(* Let $\mathcal{H}$ be a Hilbert space of finite or countably infinite dimension, $\Omega$ a finite set and $\mathcal{I}$ an instrument on $\Omega$ that is repeatable, i.e. $\mathrm{tr}[\varrho\,\mathcal{I}_{\omega_1}\circ\mathcal{I}_{\omega_2}(\mathbb{1})]=0$ for all states $\varrho$ and all $\omega_1\neq\omega_2$. Then $\mathrm{sat}(\mathcal{I})=1$.
   Context: An instrument on a finite set $\Omega$ (Heisenberg picture) is a family $(\mathcal{I}_\omega)_{\omega\in\Omega}$ of normal completely positive maps on $\mathcal{L}(\mathcal{H})$ with $\sum_\omega\mathcal{I}_\omega(\mathbb{1})=\mathbb{1}$. For observables $\mathsf{A},\mathsf{B}$ with finite outcome sets (maps into positive operators summing to $\mathbb{1}$), $\mathsf{A}\preceq\mathsf{B}$ means there is $\kappa:\Omega_\mathsf{A}\times\Omega_\mathsf{B}\to[0,1]$ with $\sum_\omega\kappa(\omega|\omega')=1$ for all $\omega'$ and $\mathsf{A}(\omega)=\sum_{\omega'}\kappa(\omega|\omega')\mathsf{B}(\omega')$; $\mathsf{A}\simeq\mathsf{B}$ means both directions hold. $\mathsf{A}^\mathcal{I}_n(\omega_1,\ldots,\omega_n)=\mathcal{I}_{\omega_1}\circ\cdots\circ\mathcal{I}_{\omega_n}(\mathbb{1})$ on $\Omega^n$. The saturation step $\mathrm{sat}(\mathcal{I})$ is the smallest positive integer $n$ with $\mathsf{A}^\mathcal{I}_n\simeq\mathsf{A}^\mathcal{I}_{n+1}$ ($\infty$ if none). *)

theory Defs
  imports Complex_Main "HOL-Library.Function_Algebras" "HOL-Library.Extended_Nat"
begin

text \<open>The Hilbert space is modelled concretely as l2(D) for an index set D of naturals
  (D finite: finite dimension card D; D infinite: countably infinite dimension).
  Bounded operators are maps vec => vec, linear and bounded on l2(D), mapping l2(D) into
  itself and sending everything outside l2(D) to 0 (a normalisation making equality of
  operators plain equality of functions).\<close>

type_synonym vec = "nat \<Rightarrow> complex"
type_synonym op = "vec \<Rightarrow> vec"

definition l2 :: "nat set \<Rightarrow> vec set" where
  "l2 D = {x. (\<forall>i. i \<notin> D \<longrightarrow> x i = 0) \<and> summable (\<lambda>i. (cmod (x i))^2)}"

definition inner_l2 :: "vec \<Rightarrow> vec \<Rightarrow> complex" where
  "inner_l2 x y = (\<Sum>i. cnj (x i) * y i)"

definition norm_l2 :: "vec \<Rightarrow> real" where
  "norm_l2 x = sqrt (\<Sum>i. (cmod (x i))^2)"

definition bounded_op :: "nat set \<Rightarrow> op \<Rightarrow> bool" where
  "bounded_op D T \<longleftrightarrow>
     (\<forall>x. x \<notin> l2 D \<longrightarrow> T x = 0) \<and>
     (\<forall>x\<in>l2 D. T x \<in> l2 D) \<and>
     (\<forall>x\<in>l2 D. \<forall>y\<in>l2 D. \<forall>a b. T (\<lambda>i. a * x i + b * y i) = (\<lambda>i. a * T x i + b * T y i)) \<and>
     (\<exists>C. \<forall>x\<in>l2 D. norm_l2 (T x) \<le> C * norm_l2 x)"

definition id_op :: "nat set \<Rightarrow> op" where
  "id_op D = (\<lambda>x. if x \<in> l2 D then x else 0)"

definition positive_op :: "nat set \<Rightarrow> op \<Rightarrow> bool" where
  "positive_op D T \<longleftrightarrow> bounded_op D T \<and>
     (\<forall>x\<in>l2 D. Im (inner_l2 x (T x)) = 0 \<and> Re (inner_l2 x (T x)) \<ge> 0)"

definition block_positive :: "nat set \<Rightarrow> nat \<Rightarrow> (nat \<Rightarrow> nat \<Rightarrow> op) \<Rightarrow> bool" where
  "block_positive D n T \<longleftrightarrow>
     (\<forall>i<n. \<forall>j<n. bounded_op D (T i j)) \<and>
     (\<forall>x. (\<forall>i<n. x i \<in> l2 D) \<longrightarrow>
        Im (\<Sum>i<n. \<Sum>j<n. inner_l2 (x i) (T i j (x j))) = 0 \<and>
        Re (\<Sum>i<n. \<Sum>j<n. inner_l2 (x i) (T i j (x j))) \<ge> 0)"

definition lin_comb_op :: "complex \<Rightarrow> op \<Rightarrow> complex \<Rightarrow> op \<Rightarrow> op" where
  "lin_comb_op a S b T = (\<lambda>x i. a * S x i + b * T x i)"

definition linear_map :: "nat set \<Rightarrow> (op \<Rightarrow> op) \<Rightarrow> bool" where
  "linear_map D \<Phi> \<longleftrightarrow>
     (\<forall>T. bounded_op D T \<longrightarrow> bounded_op D (\<Phi> T)) \<and>
     (\<forall>S T a b. bounded_op D S \<longrightarrow> bounded_op D T \<longrightarrow>
        \<Phi> (lin_comb_op a S b T) = lin_comb_op a (\<Phi> S) b (\<Phi> T))"

text \<open>Complete positivity: id_n tensor Phi is positive for every n.\<close>
definition cp_map :: "nat set \<Rightarrow> (op \<Rightarrow> op) \<Rightarrow> bool" where
  "cp_map D \<Phi> \<longleftrightarrow> (\<forall>n T. block_positive D n T \<longrightarrow> block_positive D n (\<lambda>i j. \<Phi> (T i j)))"

text \<open>Normality: for increasing sequences of positive operators converging weakly to
  their supremum T, the images converge weakly to the image of T (for separable H this is
  equivalent to normality).\<close>
definition normal_map :: "nat set \<Rightarrow> (op \<Rightarrow> op) \<Rightarrow> bool" where
  "normal_map D \<Phi> \<longleftrightarrow>
     (\<forall>Tk T. (\<forall>k. positive_op D (Tk k)) \<and> (\<forall>k. positive_op D (Tk (Suc k) - Tk k)) \<and>
        bounded_op D T \<and> (\<forall>x\<in>l2 D. (\<lambda>k. inner_l2 x (Tk k x)) \<longlonglongrightarrow> inner_l2 x (T x))
      \<longrightarrow> (\<forall>x\<in>l2 D. (\<lambda>k. inner_l2 x (\<Phi> (Tk k) x)) \<longlonglongrightarrow> inner_l2 x (\<Phi> T x)))"

definition instrument :: "nat set \<Rightarrow> 'w set \<Rightarrow> ('w \<Rightarrow> op \<Rightarrow> op) \<Rightarrow> bool" where
  "instrument D \<Omega> I \<longleftrightarrow> finite \<Omega> \<and>
     (\<forall>\<omega>\<in>\<Omega>. linear_map D (I \<omega>) \<and> cp_map D (I \<omega>) \<and> normal_map D (I \<omega>)) \<and>
     (\<Sum>\<omega>\<in>\<Omega>. I \<omega> (id_op D)) = id_op D"

definition basis_vec :: "nat \<Rightarrow> vec" where
  "basis_vec i = (\<lambda>j. if j = i then 1 else 0)"

definition trace_op :: "nat set \<Rightarrow> op \<Rightarrow> complex" where
  "trace_op D T = (\<Sum>i. if i \<in> D then inner_l2 (basis_vec i) (T (basis_vec i)) else 0)"

definition is_state :: "nat set \<Rightarrow> op \<Rightarrow> bool" where
  "is_state D \<rho> \<longleftrightarrow> positive_op D \<rho> \<and>
     (\<lambda>i. if i \<in> D then inner_l2 (basis_vec i) (\<rho> (basis_vec i)) else 0) sums 1"

definition repeatable :: "nat set \<Rightarrow> 'w set \<Rightarrow> ('w \<Rightarrow> op \<Rightarrow> op) \<Rightarrow> bool" where
  "repeatable D \<Omega> I \<longleftrightarrow>
     (\<forall>\<rho>. is_state D \<rho> \<longrightarrow> (\<forall>\<omega>1\<in>\<Omega>. \<forall>\<omega>2\<in>\<Omega>. \<omega>1 \<noteq> \<omega>2 \<longrightarrow>
        trace_op D (\<rho> \<circ> I \<omega>1 (I \<omega>2 (id_op D))) = 0))"

definition scale_op :: "real \<Rightarrow> op \<Rightarrow> op" where
  "scale_op c T = (\<lambda>x i. complex_of_real c * T x i)"

definition postproc :: "'a set \<Rightarrow> ('a \<Rightarrow> op) \<Rightarrow> 'b set \<Rightarrow> ('b \<Rightarrow> op) \<Rightarrow> bool" where
  "postproc \<Omega>A A \<Omega>B B \<longleftrightarrow> (\<exists>\<kappa> :: 'a \<Rightarrow> 'b \<Rightarrow> real.
     (\<forall>\<omega>\<in>\<Omega>A. \<forall>\<omega>'\<in>\<Omega>B. 0 \<le> \<kappa> \<omega> \<omega>' \<and> \<kappa> \<omega> \<omega>' \<le> 1) \<and>
     (\<forall>\<omega>'\<in>\<Omega>B. (\<Sum>\<omega>\<in>\<Omega>A. \<kappa> \<omega> \<omega>') = 1) \<and>
     (\<forall>\<omega>\<in>\<Omega>A. A \<omega> = (\<Sum>\<omega>'\<in>\<Omega>B. scale_op (\<kappa> \<omega> \<omega>') (B \<omega>'))))"

definition obs_equiv :: "'a set \<Rightarrow> ('a \<Rightarrow> op) \<Rightarrow> 'b set \<Rightarrow> ('b \<Rightarrow> op) \<Rightarrow> bool" where
  "obs_equiv \<Omega>A A \<Omega>B B \<longleftrightarrow> postproc \<Omega>A A \<Omega>B B \<and> postproc \<Omega>B B \<Omega>A A"

definition outcomes :: "'w set \<Rightarrow> nat \<Rightarrow> 'w list set" where
  "outcomes \<Omega> n = {xs. length xs = n \<and> set xs \<subseteq> \<Omega>}"

definition seq_obs :: "nat set \<Rightarrow> ('w \<Rightarrow> op \<Rightarrow> op) \<Rightarrow> 'w list \<Rightarrow> op" where
  "seq_obs D I xs = foldr (\<lambda>\<omega> T. I \<omega> T) xs (id_op D)"

definition sat :: "nat set \<Rightarrow> 'w set \<Rightarrow> ('w \<Rightarrow> op \<Rightarrow> op) \<Rightarrow> enat" where
  "sat D \<Omega> I =
     (if \<exists>n\<ge>1. obs_equiv (outcomes \<Omega> n) (seq_obs D I) (outcomes \<Omega> (Suc n)) (seq_obs D I)
      then enat (LEAST n. n \<ge> 1 \<and>
              obs_equiv (outcomes \<Omega> n) (seq_obs D I) (outcomes \<Omega> (Suc n)) (seq_obs D I))
      else \<infinity>)"

end

theory Submission
  imports Defs
begin

text \<open>Testing against the rank-one states onto e_i, (e_i + e_k)/sqrt 2 and (e_i + \<i> e_k)/sqrt 2 shows
  that all matrix entries of I_a(I_b(1)) vanish, and a bounded operator with vanishing matrix
  entries is zero. Applying the linear map I_a to 1 = \<Sum>_b I_b(1) then gives I_a(I_a(1)) = I_a(1).
  Hence A_2(a,b) = [a = b] A_1(a): A_1 is obtained from A_2 by forgetting the second outcome and
  A_2 from A_1 by duplicating the outcome, so A_1 and A_2 are equivalent and sat = 1.\<close>

lemma cmod_lin_comb_square_le:
  "(cmod (a * x + b * y))\<^sup>2 \<le> 2 * (cmod a)\<^sup>2 * (cmod x)\<^sup>2 + 2 * (cmod b)\<^sup>2 * (cmod y)\<^sup>2"
proof -
  have "cmod (a * x + b * y) \<le> cmod a * cmod x + cmod b * cmod y"
    by (metis norm_mult norm_triangle_ineq)
  hence "(cmod (a * x + b * y))\<^sup>2 \<le> (cmod a * cmod x + cmod b * cmod y)\<^sup>2"
    by (simp add: power_mono)
  also have "\<dots> \<le> 2 * (cmod a)\<^sup>2 * (cmod x)\<^sup>2 + 2 * (cmod b)\<^sup>2 * (cmod y)\<^sup>2"
    using zero_le_power2[of "cmod a * cmod x - cmod b * cmod y"]
    by (simp add: power2_eq_square algebra_simps)
  finally show ?thesis .
qed

lemma l2_summable: "x \<in> l2 D \<Longrightarrow> summable (\<lambda>i. (cmod (x i))\<^sup>2)"
  by (simp add: l2_def)

lemma l2_vanishes: "x \<in> l2 D \<Longrightarrow> i \<notin> D \<Longrightarrow> x i = 0"
  by (simp add: l2_def)

lemma l2_zero: "(0 :: vec) \<in> l2 D"
  by (simp add: l2_def zero_fun_def)

lemma l2_lin_comb:
  assumes "x \<in> l2 D" and "y \<in> l2 D"
  shows "(\<lambda>i. a * x i + b * y i) \<in> l2 D"
proof -
  have "summable (\<lambda>i. 2 * (cmod a)\<^sup>2 * (cmod (x i))\<^sup>2 + 2 * (cmod b)\<^sup>2 * (cmod (y i))\<^sup>2)"
    using assms by (intro summable_add summable_mult l2_summable)
  hence "summable (\<lambda>i. (cmod (a * x i + b * y i))\<^sup>2)"
    by (rule summable_comparison_test[rotated]) (simp add: cmod_lin_comb_square_le)
  thus ?thesis using assms by (simp add: l2_def)
qed

lemma l2_add: "x \<in> l2 D \<Longrightarrow> y \<in> l2 D \<Longrightarrow> (\<lambda>i. x i + y i) \<in> l2 D"
  using l2_lin_comb[of x D y 1 1] by simp

lemma l2_finite_support:
  "finite F \<Longrightarrow> F \<subseteq> D \<Longrightarrow> \<forall>j. j \<notin> F \<longrightarrow> x j = 0 \<Longrightarrow> x \<in> l2 D"
  unfolding l2_def by (auto intro!: summable_finite[of F])

lemma basis_vec_in_l2: "j \<in> D \<Longrightarrow> basis_vec j \<in> l2 D"
  by (rule l2_finite_support[of "{j}"]) (auto simp: basis_vec_def)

# # # #

● YOUR INSTRUCTIONS:
What number of lines in the records hold "rule"? Reply with that number alone.

● ANSWER SECTION:
2